--- START ---

lemma sum_second_dderiv_profile:
  fixes G :: "complex^'k::finite \<Rightarrow> real" and V :: "real \<Rightarrow> real"
  assumes ij: "i0 \<noteq> j" and C2: "C2_on G ann_open"
    and G_eq: "\<And>y. y \<noteq> 0 \<Longrightarrow> G y = V (cos2_dist i0 y)"
    and k0: "0 < k0" "k0 < 1" and card: "CARD('k) = n + 1"
  shows "(\<Sum>b\<in>Basis. dderiv b (dderiv b G) (profile_pt i0 j k0)) =
     4*k0*(1 - k0) * deriv (deriv V) k0 + (4 - 4*(real n + 1)*k0) * deriv V k0"
proof -
  define y0 where "y0 = profile_pt i0 j k0"
  define e :: "complex^'k" where "e = axis i0 1"
  define e' :: "complex^'k" where "e' = axis i0 \<i>"
  define a where "a = sqrt k0"
  define V'' where "V'' = deriv (deriv V) k0"
  define V' where "V' = deriv V k0"
  define R where "R = (\<lambda>b::complex^'k. inner b e)"
  define I where "I = (\<lambda>b::complex^'k. inner b e')"
  define \<Gamma> where "\<Gamma> = (\<lambda>b::complex^'k. inner y0 b)"
  have a2: "a^2 = k0" using k0 by (simp add: a_def)
  have Re_nth: "Re (b$i0) = R b" and cmod_nth: "(cmod (b$i0))^2 = R b ^2 + I b ^2" for b :: "complex^'k"
    by (simp_all add: R_def I_def e_def e'_def inner_axis cmod_power2)
  txt \<open>Parseval for the unit vectors \<open>e\<close>, \<open>e'\<close>, \<open>y0\<close> collapses the sum over the basis.\<close>
  have sum_R: "(\<Sum>b\<in>Basis. R b ^2) = 1"
    using euclidean_inner[of e e] by (simp add: R_def e_def power2_eq_square inner_commute inner_axis_axis)
  have sum_I: "(\<Sum>b\<in>Basis. I b ^2) = 1"
    using euclidean_inner[of e' e'] by (simp add: I_def e'_def power2_eq_square inner_commute inner_axis_axis)
  have sum_R\<Gamma>: "(\<Sum>b\<in>Basis. R b * \<Gamma> b) = a"
  proof -
    have "inner e y0 = a" using ij
      by (simp add: e_def y0_def profile_pt_def a_def inner_add_right inner_axis_axis)
    thus ?thesis using euclidean_inner[of e y0] by (simp add: R_def \<Gamma>_def inner_commute)
  qed
  have sum_\<Gamma>: "(\<Sum>b\<in>Basis. \<Gamma> b ^2) = 1"
    using euclidean_inner[of y0 y0] inner_profile_pt_self[OF ij] k0 by (simp add: \<Gamma>_def y0_def power2_eq_square)
  have card_Basis: "card (Basis :: (complex^'k) set) = 2 * (n + 1)"
    using DIM_cart[where 'a=complex and 'b='k] card by simp
  have "(\<Sum>b\<in>Basis. dderiv b (dderiv b G) y0) =
     (\<Sum>b\<in>Basis. (4*a^2*V'' + 2*V') * R b^2 + 2*V' * I b^2 + (-8*a*k0*V'' - 8*a*V') * (R b * \<Gamma> b)
        + (4*k0^2*V'' + 8*k0*V') * \<Gamma> b^2 - 2*k0*V')"
  proof (rule sum.cong[OF refl])
    fix b :: "complex^'k" assume b: "b \<in> Basis"
    show "dderiv b (dderiv b G) y0 = (4*a^2*V'' + 2*V') * R b^2 + 2*V' * I b^2
        + (-8*a*k0*V'' - 8*a*V') * (R b * \<Gamma> b) + (4*k0^2*V'' + 8*k0*V') * \<Gamma> b^2 - 2*k0*V'"
    proof -
      have "dderiv b (dderiv b G) y0 = V'' * (2*(a * R b) - 2*k0*\<Gamma> b)^2
          + V' * (2*(R b^2 + I b^2) - 8*(a * R b)*\<Gamma> b - 2*k0 + 8*k0*(\<Gamma> b)^2)"
        using second_dderiv_profile[OF ij C2 G_eq k0 b]
        by (simp add: y0_def V''_def V'_def a_def \<Gamma>_def Re_nth cmod_nth)
      then show ?thesis by (simp add: power2_eq_square algebra_simps)
    qed
  qed
  also have "\<dots> = (4*a^2*V'' + 2*V') * (\<Sum>b\<in>Basis. R b^2) + 2*V' * (\<Sum>b\<in>Basis. I b^2)
      + (-8*a*k0*V'' - 8*a*V') * (\<Sum>b\<in>Basis. R b * \<Gamma> b) + (4*k0^2*V'' + 8*k0*V') * (\<Sum>b\<in>Basis. \<Gamma> b^2)
      - 2*k0*V' * card (Basis :: (complex^'k) set)"
    by (simp add: sum.distrib sum_subtractf sum_distrib_left)
  also have "\<dots> = 4*k0*(1 - k0) * V'' + (4 - 4*(real n + 1)*k0) * V'"
    unfolding sum_R sum_I sum_R\<Gamma> sum_\<Gamma> card_Basis a2[symmetric] by (simp add: power2_eq_square algebra_simps)
  finally show ?thesis by (simp add: y0_def V''_def V'_def)
qed

section \<open>The weighted integral identity\<close>

lemma ann_subset_ann_open: "ann \<subseteq> ann_open"
  unfolding ann_def ann_open_def by auto

lemma compact_ann: "compact (ann :: 'a::euclidean_space set)"
proof -
  have "ann = cball (0::'a) 2 \<inter> - ball 0 (1/2)" unfolding ann_def by auto
  moreover have "compact (cball (0::'a) 2 \<inter> - ball 0 (1/2))"
    by (intro compact_Int_closed compact_cball closed_Compl open_ball)
  ultimately show ?thesis by simp
qed

lemma bounded_on_ann:
  fixes f :: "'a::euclidean_space \<Rightarrow> real"
  assumes "continuous_on ann_open f"
  obtains M where "\<And>x. x \<in> ann \<Longrightarrow> \<bar>f x\<bar> \<le> M"
proof -
  have "compact (f ` ann)"
    using assms ann_subset_ann_open compact_ann by (metis compact_continuous_image continuous_on_subset)
  then obtain M where "\<forall>y\<in>f ` ann. norm y \<le> M" using compact_imp_bounded bounded_iff by metis
  then show thesis using that by auto
qed

lemma C2_profile_bounds:
  fixes G :: "complex^'k::finite \<Rightarrow> real" and V :: "real \<Rightarrow> real"
  assumes ij: "i0 \<noteq> j" and C2: "C2_on G ann_open"
    and G_eq: "\<And>y. y \<noteq> 0 \<Longrightarrow> G y = V (cos2_dist i0 y)"
  obtains C where "\<And>k. 0 < k \<Longrightarrow> k < 1 \<Longrightarrow> \<bar>deriv V k\<bar> * (2 * sqrt k * (1 - k)) \<le> C"
    and "\<And>k. 0 \<le> k \<Longrightarrow> k \<le> 1 \<Longrightarrow> \<bar>V k\<bar> \<le> C"
proof -
  have "continuous_on ann_open (dderiv (axis i0 1) G)"
    using C2 axis_in_Basis unfolding C2_on_def by blast
  then obtain C1 where C1: "\<And>x. x \<in> ann \<Longrightarrow> \<bar>dderiv (axis i0 1) G x\<bar> \<le> C1"
    using bounded_on_ann by blast
  have "continuous_on ann_open G" using C2 unfolding C2_on_def by blast
  then obtain C0 where C0: "\<And>x. x \<in> ann \<Longrightarrow> \<bar>G x\<bar> \<le> C0" using bounded_on_ann by blast
  show thesis
  proof (rule that[of "max C0 C1"])
    fix k :: real assume k: "0 < k" "k < 1"
    have "\<bar>deriv V k * (2 * sqrt k * (1 - k))\<bar> \<le> C1"
      using C2_profile_derivatives(3)[OF ij C2 G_eq k] C1 profile_pt_in_ann[OF ij] k by simp
    then show "\<bar>deriv V k\<bar> * (2 * sqrt k * (1 - k)) \<le> max C0 C1" using k by (simp add: abs_mult)
  next
    fix k :: real assume k: "0 \<le> k" "k \<le> 1"
    have "profile_pt i0 j k \<noteq> 0" using norm_profile_pt[OF ij k] by auto
    then have "V k = G (profile_pt i0 j k)" using G_eq cos2_dist_profile_pt[OF ij k] by simp
    then show "\<bar>V k\<bar> \<le> max C0 C1" using C0 profile_pt_in_ann[OF ij k] by fastforce
  qed
qed

lemma profile_ode:
  fixes u :: "complex^'k::finite \<Rightarrow> real"
  assumes ij: "i0 \<noteq> j" and card: "CARD('k) = n + 1"
    and u: "u \<in> C2a \<alpha>" "u \<in> XI i0" and sol: "\<forall>x\<in>sphere 0 1. S_op q u L x = 0"
    and k: "0 < k" "k < 1"
  shows "4*k*(1 - k) * deriv (deriv (profile i0 j u)) k + (4 - 4*(real n + 1)*k) * deriv (profile i0 j u) k
           = L * nonlin q (profile i0 j u k)"
proof -
  have C2: "C2_on (sph_ext u) ann_open" using u unfolding C2a_def by simp
  have "norm (profile_pt i0 j k) = 1" using norm_profile_pt[OF ij] k by simp
  then have "sph_lap u (profile_pt i0 j k) = L * nonlin q (profile i0 j u k)"
    using sol by (simp add: S_op_eq_nonlin profile_def)
  moreover have "sph_lap u (profile_pt i0 j k) =
      4*k*(1 - k) * deriv (deriv (profile i0 j u)) k + (4 - 4*(real n + 1)*k) * deriv (profile i0 j u) k"
    unfolding sph_lap_def
    by (rule sum_second_dderiv_profile[OF ij C2 sph_ext_eq_profile[OF u(2) ij] k card])
  ultimately show ?thesis by simp
qed

text \<open>Lagrange's identity for \<open>V \<mapsto> 4k(1-k)V'' + (4 - 4(n+1)k)V'\<close>, which is symmetric for the
  weight \<open>(1-k)\<^sup>n\<^sup>-\<^sup>1\<close> and has \<open>phi1_profile n\<close> as eigenfunction with eigenvalue \<open>-4(n+1)\<close>.\<close>

lemma weighted_lagrange_identity:
  fixes V V' :: "real \<Rightarrow> real"
  assumes n: "n \<ge> 1"
    and V: "(V has_real_derivative V' k) (at k)" and V': "(V' has_real_derivative V'') (at k)"
  shows "((\<lambda>k. 4*k*(1 - k)^n * (V' k * phi1_profile n k - V k * ((real n + 1) / real n)))
           has_real_derivative (1 - k)^(n-1) * phi1_profile n k
             * (4*k*(1 - k) * V'' + (4 - 4*(real n + 1)*k) * V' k + 4*(real n + 1) * V k)) (at k)"
proof -
  define c where "c = (real n + 1) / real n"
  have dphi: "(phi1_profile n has_real_derivative c) (at k)"
    unfolding phi1_profile_def[abs_def] c_def using n by (auto intro!: derivative_eq_intros)
  have "((\<lambda>k. 4*k*(1 - k)^n) has_real_derivative 4*(1 - k)^n - 4*k*(real n * (1 - k)^(n-1))) (at k)"
    by (auto intro!: derivative_eq_intros simp: algebra_simps)
  moreover have "((\<lambda>k. V' k * phi1_profile n k - V k * c) has_real_derivative
      V'' * phi1_profile n k + V' k * c - V' k * c) (at k)"
    using DERIV_diff[OF DERIV_mult[OF V' dphi] DERIV_mult[OF V DERIV_const[of c]]] by simp
  ultimately have "((\<lambda>k. 4*k*(1 - k)^n * (V' k * phi1_profile n k - V k * c)) has_real_derivative
      (4*(1 - k)^n - 4*k*(real n * (1 - k)^(n-1))) * (V' k * phi1_profile n k - V k * c)
      + (V'' * phi1_profile n k + V' k * c - V' k * c) * (4*k*(1 - k)^n)) (at k)"
    by (rule DERIV_mult)
  moreover have "(1 - k)^n = (1 - k) * (1 - k)^(n-1)" using n by (simp add: power_eq_if)
  moreover have "(4*((1 - k) * p) - 4*k*(real n * p)) * (v' * phi1_profile n k - v * c)
      + (v'' * phi1_profile n k + v' * c - v' * c) * (4*k*((1 - k) * p))
      = p * phi1_profile n k * (4*k*(1 - k) * v'' + (4 - 4*(real n + 1)*k) * v' + 4*(real n + 1) * v)"
    for p v v' v'' :: real
    using n unfolding c_def phi1_profile_def by (simp add: field_simps)
  ultimately show ?thesis unfolding c_def[symmetric] by simp
qed

lemma has_integral_zero_if_boundary_vanishes:
  fixes F f g :: "real \<Rightarrow> real"
  assumes "a \<le> b"
    and F: "\<And>x. a < x \<Longrightarrow> x < b \<Longrightarrow> (F has_real_derivative f x) (at x)"
    and dom: "\<And>x. a < x \<Longrightarrow> x < b \<Longrightarrow> \<bar>F x\<bar> \<le> g x"
    and g: "isCont g a" "isCont g b" "g a = 0" "g b = 0"
  shows "(f has_integral 0) {a..b}"
proof -
  define F0 where "F0 = (\<lambda>x. if x \<in> {a<..<b} then F x else 0)"
  have dF0: "(F0 has_real_derivative f x) (at x)" if "x \<in> {a<..<b}" for x
    by (rule has_field_derivative_transform_within_open[OF F, of x "{a<..<b}"]) (use that in \<open>auto simp: F0_def\<close>)
  have dom0: "norm (F0 x) \<le> g x" if x: "x \<in> {a..b}" for x
  proof (cases "x \<in> {a<..<b}")
    case True
    then show ?thesis using dom by (simp add: F0_def)
  next
    case False
    then have "x = a \<or> x = b" using x by auto
    then show ?thesis using False g(3,4) by (auto simp: F0_def)
  qed
  have "continuous (at x within {a..b}) F0" if x: "x \<in> {a..b}" for x
  proof (cases "x \<in> {a<..<b}")
    case True
    then show ?thesis using dF0 DERIV_isCont continuous_at_imp_continuous_at_within by blast
  next
    case False
    then have "x = a \<or> x = b" "F0 x = 0" using x by (auto simp: F0_def)
    have "\<forall>\<^sub>F y in at x within {a..b}. norm (F0 y) \<le> g y"
      using dom0 by (auto simp: eventually_at_filter)
    moreover from \<open>x = a \<or> x = b\<close> have "(g \<longlongrightarrow> 0) (at x within {a..b})"
      using g by (metis continuous_at_imp_continuous_at_within continuous_within)
    ultimately have "(F0 \<longlongrightarrow> 0) (at x within {a..b})" by (rule Lim_null_comparison)
    then show ?thesis unfolding continuous_within \<open>F0 x = 0\<close> .
  qed
  then have "continuous_on {a..b} F0" by (simp add: continuous_on_eq_continuous_within)
  moreover have "(F0 has_vector_derivative f x) (at x)" if "x \<in> {a<..<b}" for x
    using dF0[OF that] by (simp add: has_real_derivative_iff_has_vector_derivative)
  ultimately have "(f has_integral (F0 b - F0 a)) {a..b}"
    by (rule fundamental_theorem_of_calculus_interior[OF assms(1)])
  then show ?thesis by (simp add: F0_def)
qed

lemma lagrange_bracket_bound:
  fixes v v' C k :: real
  assumes n: "n \<ge> 1" and k: "0 < k" "k < 1"
    and v': "\<bar>v'\<bar> * (2 * sqrt k * (1 - k)) \<le> C" and v: "\<bar>v\<bar> \<le> C"
  defines "c \<equiv> (real n + 1) / real n"
  shows "\<bar>4*k*(1 - k)^n * (v' * phi1_profile n k - v * c)\<bar>
           \<le> 2*C * sqrt k * (1 - k)^(n-1) + 4*k*(1 - k)^n * C * c"
proof -
  have "2 * sqrt k * (1 - k)^(n-1) * (2 * sqrt k * (1 - k)) = (2 * 2) * (sqrt k * sqrt k) * ((1 - k)^(n-1) * (1 - k))"
    by (simp only: mult_ac)
  also have "\<dots> = 4*k*(1 - k)^n"
    using k n by (simp add: power_eq_if mult_ac)
  finally have "\<bar>4*k*(1 - k)^n * (v' * phi1_profile n k)\<bar>
      = 2 * sqrt k * (1 - k)^(n-1) * ((\<bar>v'\<bar> * (2 * sqrt k * (1 - k))) * \<bar>phi1_profile n k\<bar>)"
    using k by (simp add: abs_mult mult_ac)
  also have "\<dots> \<le> 2 * sqrt k * (1 - k)^(n-1) * (C * 1)"
    using v v' abs_phi1_profile_le_1[of n k] n k by (intro mult_left_mono mult_mono) auto
  finally have "\<bar>4*k*(1 - k)^n * (v' * phi1_profile n k)\<bar> \<le> 2*C * sqrt k * (1 - k)^(n-1)"
    by (simp add: mult_ac)
  moreover have "\<bar>4*k*(1 - k)^n * (v * c)\<bar> \<le> 4*k*(1 - k)^n * C * c"
  proof -
    have "c \<ge> 0" by (simp add: c_def)
    then have "\<bar>4*k*(1 - k)^n * (v * c)\<bar> = 4*k*(1 - k)^n * c * \<bar>v\<bar>"
      using k by (simp add: abs_mult)
    also have "\<dots> \<le> 4*k*(1 - k)^n * c * C"
      using v k \<open>c \<ge> 0\<close> by (intro mult_left_mono) auto
    finally show ?thesis by (simp add: mult_ac)
  qed
  moreover have "\<bar>4*k*(1 - k)^n * (v' * phi1_profile n k - v * c)\<bar>
      \<le> \<bar>4*k*(1 - k)^n * (v' * phi1_profile n k)\<bar> + \<bar>4*k*(1 - k)^n * (v * c)\<bar>"
    unfolding right_diff_distrib by (rule abs_triangle_ineq4)
  ultimately show ?thesis by linarith
qed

--- END ---

Problem requirements:
What is the number of lines in the listing above that hold "dots"? Respond with that number and nothing else.

Response for this exercise:
5